Turning Water Quality Data into Public Health Intelligence with AI

The continuously growing datasets contain an abundance of water utilities. These datasets include hydraulic simulations, chlorine residual levels, pressure zones, consumption patterns, and more. Digital transformation demands actionable insights from such data.

Having a progressive mindset, CCTech expands its interest in addressing this issue. Teams actively explore how advanced analytics and artificial intelligence (AI) bridge the gap between complex engineering data and real-world impact. Internal innovation initiatives and hackathons inspire engineers to rethink the use of infrastructure data for tangible societal impact.The urban population is growing rapidly, and the need to shift from reactive operations to proactive, intelligence-driven decisions is becoming increasingly urgent. 
Resolving the Gap Between Data and Decisions
According to the World Health Organization, drinking contaminated water leads to about 505,000 deaths worldwide annually. This highlights the urgent need to accelerate risk identification and response mechanisms. (Source: WHO- Drinking Water Fact Sheets, 2023 )

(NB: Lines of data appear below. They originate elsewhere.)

lemma gap_kernel_sum_right_le:
  assumes "strict_mono lam" and "finite A" and "A \<subseteq> {m<..}"
  shows "(\<Sum>n\<in>A. gap_kernel lam m n) \<le> pi^2 / 6"
proof -
  define K where "K = nat (Max (insert m A) - m)"
  have "A \<subseteq> (\<lambda>j. m + 1 + int j) ` {..<K}"
  proof
    fix n assume "n \<in> A"
    with assms(2,3) have "m < n" "n \<le> Max (insert m A)" by auto
    then have "nat (n - m - 1) \<in> {..<K}" "n = m + 1 + int (nat (n - m - 1))"
      by (auto simp: K_def)
    then show "n \<in> (\<lambda>j. m + 1 + int j) ` {..<K}" by blast
  qed
  then have "(\<Sum>n\<in>A. gap_kernel lam m n) \<le> (\<Sum>n\<in>(\<lambda>j. m + 1 + int j) ` {..<K}. gap_kernel lam m n)"
    using gap_kernel_nonneg[OF assms(1)] by (intro sum_mono2) auto
  also have "\<dots> = (\<Sum>j<K. gap lam m * gap lam (m + 1 + int j) / (lam (m + 1 + int j) - lam m)^2)"
    by (simp add: sum.reindex inj_on_def gap_kernel_def power2_commute)
  also have "\<dots> \<le> pi^2 / 6"
    by (rule weighted_inverse_square_sum_le)
      (simp_all add: gap_pos[OF assms(1)] less_imp_le[OF gap_pos[OF assms(1)]] gap_sums_le_distance)
  finally show ?thesis .
qed

lemma gap_kernel_sum_left_le:
  assumes "strict_mono lam" and "finite A" and "A \<subseteq> {..<m}"
  shows "(\<Sum>n\<in>A. gap_kernel lam m n) \<le> pi^2 / 6"
proof -
  have "strict_mono (\<lambda>k. - lam (- k))"
    using assms(1) by (simp add: strict_mono_def strict_mono_less)
  then have "(\<Sum>n\<in>uminus ` A. gap_kernel (\<lambda>k. - lam (- k)) (- m) n) \<le> pi^2 / 6"
    using assms(2,3) by (intro gap_kernel_sum_right_le) auto
  also have "(\<Sum>n\<in>uminus ` A. gap_kernel (\<lambda>k. - lam (- k)) (- m) n) = (\<Sum>n\<in>A. gap_kernel lam m n)"
    by (simp add: sum.reindex gap_kernel_reflect)
  finally show ?thesis .
qed

lemma gap_kernel_row_sum_le:
  assumes "strict_mono lam" and "finite S"
  shows "(\<Sum>n\<in>S - {m}. gap_kernel lam m n) \<le> pi^2 / 3"
proof -
  have split: "S - {m} = {n\<in>S. m < n} \<union> {n\<in>S. n < m}" by auto
  have "(\<Sum>n\<in>S - {m}. gap_kernel lam m n)
      = (\<Sum>n\<in>{n\<in>S. m < n}. gap_kernel lam m n) + (\<Sum>n\<in>{n\<in>S. n < m}. gap_kernel lam m n)"
    unfolding split by (rule sum.union_disjoint) (use assms(2) in auto)
  also have "\<dots> \<le> pi^2 / 6 + pi^2 / 6"
    using assms by (intro add_mono gap_kernel_sum_right_le gap_kernel_sum_left_le) auto
  finally show ?thesis by simp
qed

lemma symmetric_kernel_quadratic_form_le:
  fixes a :: "'a \<Rightarrow> 'a \<Rightarrow> real" and t :: "'a \<Rightarrow> real"
  assumes "finite S"
    and nonneg: "\<And>m n. m \<in> S \<Longrightarrow> n \<in> S \<Longrightarrow> 0 \<le> a m n"
    and sym: "\<And>m n. m \<in> S \<Longrightarrow> n \<in> S \<Longrightarrow> a m n = a n m"
    and row: "\<And>m. m \<in> S \<Longrightarrow> (\<Sum>n\<in>S - {m}. a m n) \<le> C"
  shows "(\<Sum>m\<in>S. \<Sum>n\<in>S - {m}. a m n * t m * t n) \<le> C * (\<Sum>n\<in>S. (t n)^2)"
proof -
  define X where "X = (\<Sum>m\<in>S. \<Sum>n\<in>S - {m}. a m n * (t m)^2)"
  have "(\<Sum>m\<in>S. \<Sum>n\<in>S - {m}. a m n * (t n)^2) = (\<Sum>n\<in>S. \<Sum>m\<in>S - {n}. a m n * (t n)^2)"
    using sum.swap_restrict[OF assms(1) assms(1), of "\<lambda>m n. a m n * (t n)^2" "(\<noteq>)"]
    by (simp add: set_diff_eq conj_commute eq_commute)
  also have "\<dots> = X"
    unfolding X_def by (intro sum.cong refl) (simp add: sym)
  finally have swapped: "(\<Sum>m\<in>S. \<Sum>n\<in>S - {m}. a m n * (t n)^2) = X" .
  have "2 * (\<Sum>m\<in>S. \<Sum>n\<in>S - {m}. a m n * t m * t n)
      \<le> (\<Sum>m\<in>S. \<Sum>n\<in>S - {m}. a m n * (t m)^2 + a m n * (t n)^2)"
    unfolding sum_distrib_left
  proof (intro sum_mono)
    fix m n assume "m \<in> S" "n \<in> S - {m}"
    then have "a m n * (2 * t m * t n) \<le> a m n * ((t m)^2 + (t n)^2)"
      using nonneg sum_squares_bound[of "t m" "t n"] by (intro mult_left_mono) auto
    then show "2 * (a m n * t m * t n) \<le> a m n * (t m)^2 + a m n * (t n)^2"
      by (simp add: algebra_simps)
  qed
  also have "\<dots> = 2 * X"
    using swapped by (simp add: sum.distrib X_def)
  finally have "(\<Sum>m\<in>S. \<Sum>n\<in>S - {m}. a m n * t m * t n) \<le> X" by simp
  also have "X = (\<Sum>m\<in>S. (t m)^2 * (\<Sum>n\<in>S - {m}. a m n))"
    by (simp add: X_def sum_distrib_left mult.commute)
  also have "\<dots> \<le> (\<Sum>m\<in>S. (t m)^2 * C)"
    using row by (intro sum_mono mult_left_mono) auto
  also have "\<dots> = C * (\<Sum>n\<in>S. (t n)^2)"
    by (simp add: sum_distrib_left mult.commute)
  finally show ?thesis .
qed

theorem proposition4:
  fixes lam :: "int \<Rightarrow> real" and N :: nat and t :: "int \<Rightarrow> real"
  assumes "strict_mono lam"
    and "N \<ge> 1"
    and "\<And>n. 1 \<le> n \<Longrightarrow> n \<le> int N \<Longrightarrow> t n \<ge> 0"
  shows "(\<Sum>m\<in>{1..int N}. \<Sum>n\<in>{1..int N} - {m}.
            gap lam m * gap lam n * t m * t n / (lam m - lam n)^2)
         \<le> pi^2 / 3 * (\<Sum>n\<in>{1..int N}. (t n)^2)"
proof -
  have "(\<Sum>m\<in>{1..int N}. \<Sum>n\<in>{1..int N} - {m}.
            gap lam m * gap lam n * t m * t n / (lam m - lam n)^2)
      = (\<Sum>m\<in>{1..int N}. \<Sum>n\<in>{1..int N} - {m}. gap_kernel lam m n * t m * t n)"
    by (simp add: gap_kernel_def)
  also have "\<dots> \<le> pi^2 / 3 * (\<Sum>n\<in>{1..int N}. (t n)^2)"
    using assms(1)
    by (intro symmetric_kernel_quadratic_form_le gap_kernel_nonneg gap_kernel_commute
        gap_kernel_row_sum_le) auto
  finally show ?thesis .
qed

end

Moreover, the United Nations reports that 1.718 billion people consume contaminated water. This indicates the existing risks in distribution systems. (Source: WHO- Water Global Issues, 2025 )

Current water network models can be used to simulate flow, pressure, and the spread of contaminants with great precision. However, their outputs are technical. A chlorine map may show a decrease, but it doesn't say who is at risk, where to intervene first, or how significant the effect is.
The Solution: AI-Driven Decision Intelligence
During an internal hackathon organized at CCTech, Ritul Kumari presented an AI-powered framework. It turns simulation outputs into decision-based insights. The solution uses water-quality data with population density, vulnerability factors, and critical infrastructure. It combines InfoWorks WS Pro with a Python-based analytics engine using Pandas, NumPy, and Matplotlib. This system works well with SCADA systems and digital twins. It helps monitor and predict issues in time.

The core of the system is an AI risk analysis tool. It looks at things, like:
  • How serious is contamination?
  • How long were people exposed?
  • How vulnerable are they?
  • How many people are affected?
The system does not just use set limits. It gives risk scores that you can understand. The scores come with an explanation that helps build trust and accountability. This approach helps find top-priority nodes based on contamination rates and population impact. As an illustration, the risky nodes are labeled by sound arguments, such as high population × long exposure × high vulnerability.
public-health-risk-layer
One of the impactful outputs is the public health risk heatmap and decision summary. It shows the coded prioritization, allowing decision-makers to determine resource utilization and act on risk indicators.
Real-World Impact Scenarios
The usefulness of such a method is evident in real-world applications. In a dense urban area, declining chlorine levels can be detected early and analyzed in relation to population exposure. High-risk zones are flagged immediately, allowing utilities to prevent the emergence of health problems.
In a different scenario, the presence of contamination around a hospital is prioritized because it serves vulnerable populations. Faster intervention helps in analyzing moderate-level contamination. Similarly, AI also assists in the extended detection of exposed zones during the low-monitoring period. Timely responses, such as issuing advisories or flushing pipelines, are initiated.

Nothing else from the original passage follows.